| Your assignment |
One part of the entries below is wanted: the lines from the one containing "p q. sc (of_int (sign \<sigma>))" through the one containing "nat \<Rightarrow> (('a". Write those out exactly and nothing else.

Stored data
(* Let $(\mathcal G,\Theta)$ be a Lie triple system with a decomposition $\mathcal G=\mathfrak g_1\oplus\mathfrak g_2$ and $H:\mathfrak g_2\to\mathfrak g_1$ a linear map. Then the linear map $\exp(\hat H)=\mathrm{Id}+\hat H:(\mathcal G,\Theta^H)\to(\mathcal G,\Theta)$, $(x,u)\mapsto(x+H(u),u)$, is an isomorphism of Lie triple systems.
   Context: All vector spaces are over a field of characteristic $0$. A Lie triple system is a vector space with a trilinear bracket satisfying $[x,x,y]=0$, $[x,y,z]+[y,z,x]+[z,x,y]=0$ and $[x,y,[z,w,t]]=[[x,y,z],w,t]+[z,[x,y,w],t]+[z,w,[x,y,t]]$. Cochains: $C^p(\mathcal G,\mathcal G)=\mathrm{Hom}(\otimes^{2p+1}\mathcal G,\mathcal G)$, arguments $(\mathfrak X_1,\dots,\mathfrak X_p,x)$, $\mathfrak X_i=x_i\otimes y_i$; for $P\in C^p,Q\in C^q$, $(P\circ Q)(\mathfrak X_1,\dots,\mathfrak X_{p+q},x)=\sum_{k=1}^p(-1)^{(k-1)q}\sum_{\sigma\in\mathbb S(k-1,q)}(-1)^\sigma P(\mathfrak X_{\sigma(1)},\dots,\mathfrak X_{\sigma(k-1)},Q(\mathfrak X_{\sigma(k)},\dots,\mathfrak X_{\sigma(k+q-1)},x_{k+q})\otimes y_{k+q},\mathfrak X_{k+q+1},\dots,x)+\sum_{k=1}^p(-1)^{(k-1)q}\sum_{\sigma\in\mathbb S(k-1,q)}(-1)^\sigma P(\mathfrak X_{\sigma(1)},\dots,\mathfrak X_{\sigma(k-1)},x_{k+q}\otimes Q(\mathfrak X_{\sigma(k)},\dots,\mathfrak X_{\sigma(k+q-1)},y_{k+q}),\mathfrak X_{k+q+1},\dots,x)+\sum_{\sigma\in\mathbb S(p,q)}(-1)^\sigma P(\mathfrak X_{\sigma(1)},\dots,\mathfrak X_{\sigma(p)},Q(\mathfrak X_{\sigma(p+1)},\dots,\mathfrak X_{\sigma(p+q)},x))$ and $[P,Q]_{\mathsf{LTS}}=P\circ Q-(-1)^{pq}Q\circ P$. $\hat H(x,u)=(H(u),0)$, $X_{\hat H}(\cdot)=[\cdot,\hat H]_{\mathsf{LTS}}$, and the twisting is $\Theta^H=\sum_{k\ge0}\frac1{k!}X_{\hat H}^k(\Theta)$ (finite sum), a Lie triple system bracket on $\mathcal G$. *)

theory Defs
  imports Complex_Main "HOL-Library.Product_Plus" "HOL-Combinatorics.Permutations"
begin

text \<open>The space G = g1 (+) g2 is the
  product type 'a \<times> 'b with componentwise scalar multiplication.\<close>

definition prod_scale :: "('k \<Rightarrow> 'a \<Rightarrow> 'a) \<Rightarrow> ('k \<Rightarrow> 'b \<Rightarrow> 'b) \<Rightarrow> 'k \<Rightarrow> 'a \<times> 'b \<Rightarrow> 'a \<times> 'b" where
  "prod_scale s1 s2 c v = (s1 c (fst v), s2 c (snd v))"

definition trilinear :: "('k::field \<Rightarrow> 'v::ab_group_add \<Rightarrow> 'v) \<Rightarrow> ('v \<Rightarrow> 'v \<Rightarrow> 'v \<Rightarrow> 'v) \<Rightarrow> bool" where
  "trilinear sc T \<longleftrightarrow>
     (\<forall>y z. Vector_Spaces.linear sc sc (\<lambda>x. T x y z)) \<and>
     (\<forall>x z. Vector_Spaces.linear sc sc (\<lambda>y. T x y z)) \<and>
     (\<forall>x y. Vector_Spaces.linear sc sc (\<lambda>z. T x y z))"

definition is_LTS :: "('k::field \<Rightarrow> 'v::ab_group_add \<Rightarrow> 'v) \<Rightarrow> ('v \<Rightarrow> 'v \<Rightarrow> 'v \<Rightarrow> 'v) \<Rightarrow> bool" where
  "is_LTS sc T \<longleftrightarrow> trilinear sc T \<and>
     (\<forall>x y. T x x y = 0) \<and>
     (\<forall>x y z. T x y z + T y z x + T z x y = 0) \<and>
     (\<forall>x y z w t. T x y (T z w t) = T (T x y z) w t + T z (T x y w) t + T z w (T x y t))"

definition LTS_iso :: "('k::field \<Rightarrow> 'v::ab_group_add \<Rightarrow> 'v) \<Rightarrow> ('v \<Rightarrow> 'v \<Rightarrow> 'v \<Rightarrow> 'v)
    \<Rightarrow> ('v \<Rightarrow> 'v \<Rightarrow> 'v \<Rightarrow> 'v) \<Rightarrow> ('v \<Rightarrow> 'v) \<Rightarrow> bool" where
  "LTS_iso sc T1 T2 f \<longleftrightarrow> is_LTS sc T1 \<and> is_LTS sc T2 \<and>
     Vector_Spaces.linear sc sc f \<and> bij f \<and>
     (\<forall>x y z. f (T1 x y z) = T2 (f x) (f y) (f z))"

text \<open>Cochains C^p(G,G) are represented as functions on argument lists
  [x1, y1, ..., xp, yp, x] of length 2p+1 (pairs X_i = x_i \<otimes> y_i, 0-indexed below).\<close>

definition shuffles :: "nat \<Rightarrow> nat \<Rightarrow> (nat \<Rightarrow> nat) set" where
  "shuffles n m = {\<sigma>. \<sigma> permutes {..<n+m} \<and>
     (\<forall>i j. i < j \<and> j < n \<longrightarrow> \<sigma> i < \<sigma> j) \<and>
     (\<forall>i j. n \<le> i \<and> i < j \<and> j < n+m \<longrightarrow> \<sigma> i < \<sigma> j)}"

definition argpair :: "'v list \<Rightarrow> nat \<Rightarrow> 'v \<times> 'v" where
  "argpair xs i = (xs ! (2*i), xs ! (2*i+1))"

definition mk_args :: "('v \<times> 'v) list \<Rightarrow> 'v \<Rightarrow> 'v list" where
  "mk_args ps x = concat (map (\<lambda>(a,b). [a,b]) ps) @ [x]"

definition circ :: "('k::field \<Rightarrow> 'v::ab_group_add \<Rightarrow> 'v) \<Rightarrow> nat \<Rightarrow> nat
    \<Rightarrow> ('v list \<Rightarrow> 'v) \<Rightarrow> ('v list \<Rightarrow> 'v) \<Rightarrow> 'v list \<Rightarrow> 'v" where
  "circ sc p q P Q xs =
    (\<Sum>k\<in>{1..p}. sc ((-1) ^ ((k-1)*q))
       (\<Sum>\<sigma>\<in>shuffles (k-1) q. sc (of_int (sign \<sigma>))
          (let ps1 = map (\<lambda>i. argpair xs (\<sigma> i)) [0..<k-1];
               bs = map (\<lambda>i. argpair xs (\<sigma> i)) [k-1..<k-1+q];
               cs = map (argpair xs) [k+q..<p+q];
               pk = argpair xs (k+q-1);
               x0 = xs ! (2*(p+q))
           in P (mk_args (ps1 @ [(Q (mk_args bs (fst pk)), snd pk)] @ cs) x0)
            + P (mk_args (ps1 @ [(fst pk, Q (mk_args bs (snd pk)))] @ cs) x0))))
   + (\<Sum>\<sigma>\<in>shuffles p q. sc (of_int (sign \<sigma>))
        (P (mk_args (map (\<lambda>i. argpair xs (\<sigma> i)) [0..<p])
              (Q (mk_args (map (\<lambda>i. argpair xs (\<sigma> i)) [p..<p+q]) (xs ! (2*(p+q))))))))"

definition LTS_bracket :: "('k::field \<Rightarrow> 'v::ab_group_add \<Rightarrow> 'v) \<Rightarrow> nat \<Rightarrow> nat
    \<Rightarrow> ('v list \<Rightarrow> 'v) \<Rightarrow> ('v list \<Rightarrow> 'v) \<Rightarrow> 'v list \<Rightarrow> 'v" where
  "LTS_bracket sc p q P Q xs = circ sc p q P Q xs - sc ((-1) ^ (p*q)) (circ sc q p Q P xs)"

text \<open>\<^emph>\<open>H-hat\<close> as a 0-cochain: (x,u) \<mapsto> (H u, 0).\<close>
definition hatH :: "('b::zero \<Rightarrow> 'a) \<Rightarrow> ('a \<times> 'b) list \<Rightarrow> 'a \<times> 'b" where
  "hatH H xs = (H (snd (xs ! 0)), 0)"

definition X_hatH :: "('k::field \<Rightarrow> 'a::ab_group_add \<times> 'b::ab_group_add \<Rightarrow> 'a \<times> 'b) \<Rightarrow> ('b \<Rightarrow> 'a)
    \<Rightarrow> nat \<Rightarrow> (('a \<times> 'b) list \<Rightarrow> 'a \<times> 'b) \<Rightarrow> ('a \<times> 'b) list \<Rightarrow> 'a \<times> 'b" where
  "X_hatH sc H p P = LTS_bracket sc p 0 P (hatH H)"

definition theta_cochain :: "('v \<Rightarrow> 'v \<Rightarrow> 'v \<Rightarrow> 'v) \<Rightarrow> 'v list \<Rightarrow> 'v" where
  "theta_cochain T xs = T (xs ! 0) (xs ! 1) (xs ! 2)"

text \<open>The twisted bracket Theta^H = \<Sum>_k 1/k! X_Hhat^k(Theta): the sum ranges over the
  (finitely many) k for which X_Hhat^k(Theta) is a nonzero 1-cochain.\<close>
definition twist :: "('k::field_char_0 \<Rightarrow> 'a::ab_group_add \<times> 'b::ab_group_add \<Rightarrow> 'a \<times> 'b) \<Rightarrow> ('b \<Rightarrow> 'a)
    \<Rightarrow> ('a \<times> 'b \<Rightarrow> 'a \<times> 'b \<Rightarrow> 'a \<times> 'b \<Rightarrow> 'a \<times> 'b)
    \<Rightarrow> 'a \<times> 'b \<Rightarrow> 'a \<times> 'b \<Rightarrow> 'a \<times> 'b \<Rightarrow> 'a \<times> 'b" where
  "twist sc H T a b c =
     (\<Sum>k\<in>{k. \<exists>xs. length xs = 3 \<and> ((X_hatH sc H 1) ^^ k) (theta_cochain T) xs \<noteq> 0}.
        sc (inverse (fact k)) (((X_hatH sc H 1) ^^ k) (theta_cochain T) [a, b, c]))"

end

theory Submission
  imports Defs
begin

text \<open>On 1-cochains, \<open>X_hatH\<close> acts as
  \<open>X P (x,y,z) = P(Nx,y,z) + P(x,Ny,z) + P(x,y,Nz) - N P(x,y,z)\<close>, where \<open>N (x,u) = (H u, 0)\<close>
  satisfies \<open>N \<circ> N = 0\<close>. Let \<open>A j\<close> be the sum of the terms of \<open>\<Theta>\<close> with \<open>N\<close> inserted into
  exactly \<open>j\<close> of the three arguments. Since \<open>N\<close> cannot be inserted twice into the same slot,
  \<open>X (A j) = (j+1) A (j+1) - N (A j)\<close>, so \<open>X\<^sup>k \<Theta> = k! (A k - N (A (k-1)))\<close>, which vanishes for
  \<open>k > 4\<close>. Summing, \<open>\<Theta>\<^sup>H(x,y,z) = (1 - N) \<Theta>((1+N)x, (1+N)y, (1+N)z)\<close>: the twisted bracket is
  \<open>\<Theta>\<close> transported along the linear bijection \<open>1 + N\<close>, whose inverse is \<open>1 - N\<close>.\<close>

text \<open>The action of \<open>X_hatH\<close> on 1-cochains, for an arbitrary map \<open>N\<close> in place of \<open>N (x,u) = (H u, 0)\<close>.\<close>
definition X_tri :: "('v \<Rightarrow> 'v) \<Rightarrow> ('v \<Rightarrow> 'v \<Rightarrow> 'v \<Rightarrow> 'v::ab_group_add) \<Rightarrow> 'v \<Rightarrow> 'v \<Rightarrow> 'v \<Rightarrow> 'v" where
  "X_tri N P x y z = P (N x) y z + P x (N y) z + P x y (N z) - N (P x y z)"

fun N_insertions :: "('v \<Rightarrow> 'v) \<Rightarrow> ('v \<Rightarrow> 'v \<Rightarrow> 'v \<Rightarrow> 'v::ab_group_add) \<Rightarrow> nat \<Rightarrow> 'v \<Rightarrow> 'v \<Rightarrow> 'v \<Rightarrow> 'v" where
  "N_insertions N T 0 x y z = T x y z"
| "N_insertions N T (Suc 0) x y z = T (N x) y z + T x (N y) z + T x y (N z)"
| "N_insertions N T (Suc (Suc 0)) x y z = T (N x) (N y) z + T (N x) y (N z) + T x (N y) (N z)"
| "N_insertions N T (Suc (Suc (Suc 0))) x y z = T (N x) (N y) (N z)"
| "N_insertions N T (Suc (Suc (Suc (Suc j)))) x y z = 0"

fun twist_term :: "('v \<Rightarrow> 'v) \<Rightarrow> ('v \<Rightarrow> 'v \<Rightarrow> 'v \<Rightarrow> 'v::ab_group_add) \<Rightarrow> nat \<Rightarrow> 'v \<Rightarrow> 'v \<Rightarrow> 'v \<Rightarrow> 'v" where
  "twist_term N T 0 x y z = T x y z"
| "twist_term N T (Suc k) x y z = N_insertions N T (Suc k) x y z - N (N_insertions N T k x y z)"

locale square_zero_twisting = vector_space scale
  for scale :: "'k::field \<Rightarrow> 'v::ab_group_add \<Rightarrow> 'v" +
  fixes N :: "'v \<Rightarrow> 'v" and T :: "'v \<Rightarrow> 'v \<Rightarrow> 'v \<Rightarrow> 'v"
  assumes linear_N: "Vector_Spaces.linear scale scale N"
    and N_N [simp]: "N (N v) = 0"
    and trilinear_T: "trilinear scale T"
begin

lemma N_add [simp]: "N (v + w) = N v + N w"
  and N_diff [simp]: "N (v - w) = N v - N w"
  and N_zero [simp]: "N 0 = 0"
  and N_scale [simp]: "N (scale c v) = scale c (N v)"
  using linear_N[unfolded linear_iff_module_hom]
  by (simp_all add: module_hom.add module_hom.diff module_hom.zero module_hom.scale)

lemma linear_T:
  "Vector_Spaces.linear scale scale (\<lambda>x. T x y z)"
  "Vector_Spaces.linear scale scale (\<lambda>y. T x y z)"
  "Vector_Spaces.linear scale scale (\<lambda>z. T x y z)"
  using trilinear_T unfolding trilinear_def by blast+

lemma T_add [simp]:
    "T (a + b) y z = T a y z + T b y z"
    "T x (a + b) z = T x a z + T x b z"
    "T x y (a + b) = T x y a + T x y b"
  and T_zero [simp]: "T 0 y z = 0" "T x 0 z = 0" "T x y 0 = 0"
  using linear_T[unfolded linear_iff_module_hom, THEN module_hom.add]
    linear_T[unfolded linear_iff_module_hom, THEN module_hom.zero]
  by simp_all

lemma X_tri_diff:
  "X_tri N (\<lambda>x y z. P x y z - Q x y z) x y z = X_tri N P x y z - X_tri N Q x y z"
  by (simp add: X_tri_def algebra_simps)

| Your solution |
   + (\<Sum>\<sigma>\<in>shuffles p q. sc (of_int (sign \<sigma>))
        (P (mk_args (map (\<lambda>i. argpair xs (\<sigma> i)) [0..<p])
              (Q (mk_args (map (\<lambda>i. argpair xs (\<sigma> i)) [p..<p+q]) (xs ! (2*(p+q))))))))"

definition LTS_bracket :: "('k::field \<Rightarrow> 'v::ab_group_add \<Rightarrow> 'v) \<Rightarrow> nat \<Rightarrow> nat
    \<Rightarrow> ('v list \<Rightarrow> 'v) \<Rightarrow> ('v list \<Rightarrow> 'v) \<Rightarrow> 'v list \<Rightarrow> 'v" where
  "LTS_bracket sc p q P Q xs = circ sc p q P Q xs - sc ((-1) ^ (p*q)) (circ sc q p Q P xs)"

text \<open>\<^emph>\<open>H-hat\<close> as a 0-cochain: (x,u) \<mapsto> (H u, 0).\<close>
definition hatH :: "('b::zero \<Rightarrow> 'a) \<Rightarrow> ('a \<times> 'b) list \<Rightarrow> 'a \<times> 'b" where
  "hatH H xs = (H (snd (xs ! 0)), 0)"

definition X_hatH :: "('k::field \<Rightarrow> 'a::ab_group_add \<times> 'b::ab_group_add \<Rightarrow> 'a \<times> 'b) \<Rightarrow> ('b \<Rightarrow> 'a)
    \<Rightarrow> nat \<Rightarrow> (('a \<times> 'b) list \<Rightarrow> 'a \<times> 'b) \<Rightarrow> ('a \<times> 'b) list \<Rightarrow> 'a \<times> 'b" where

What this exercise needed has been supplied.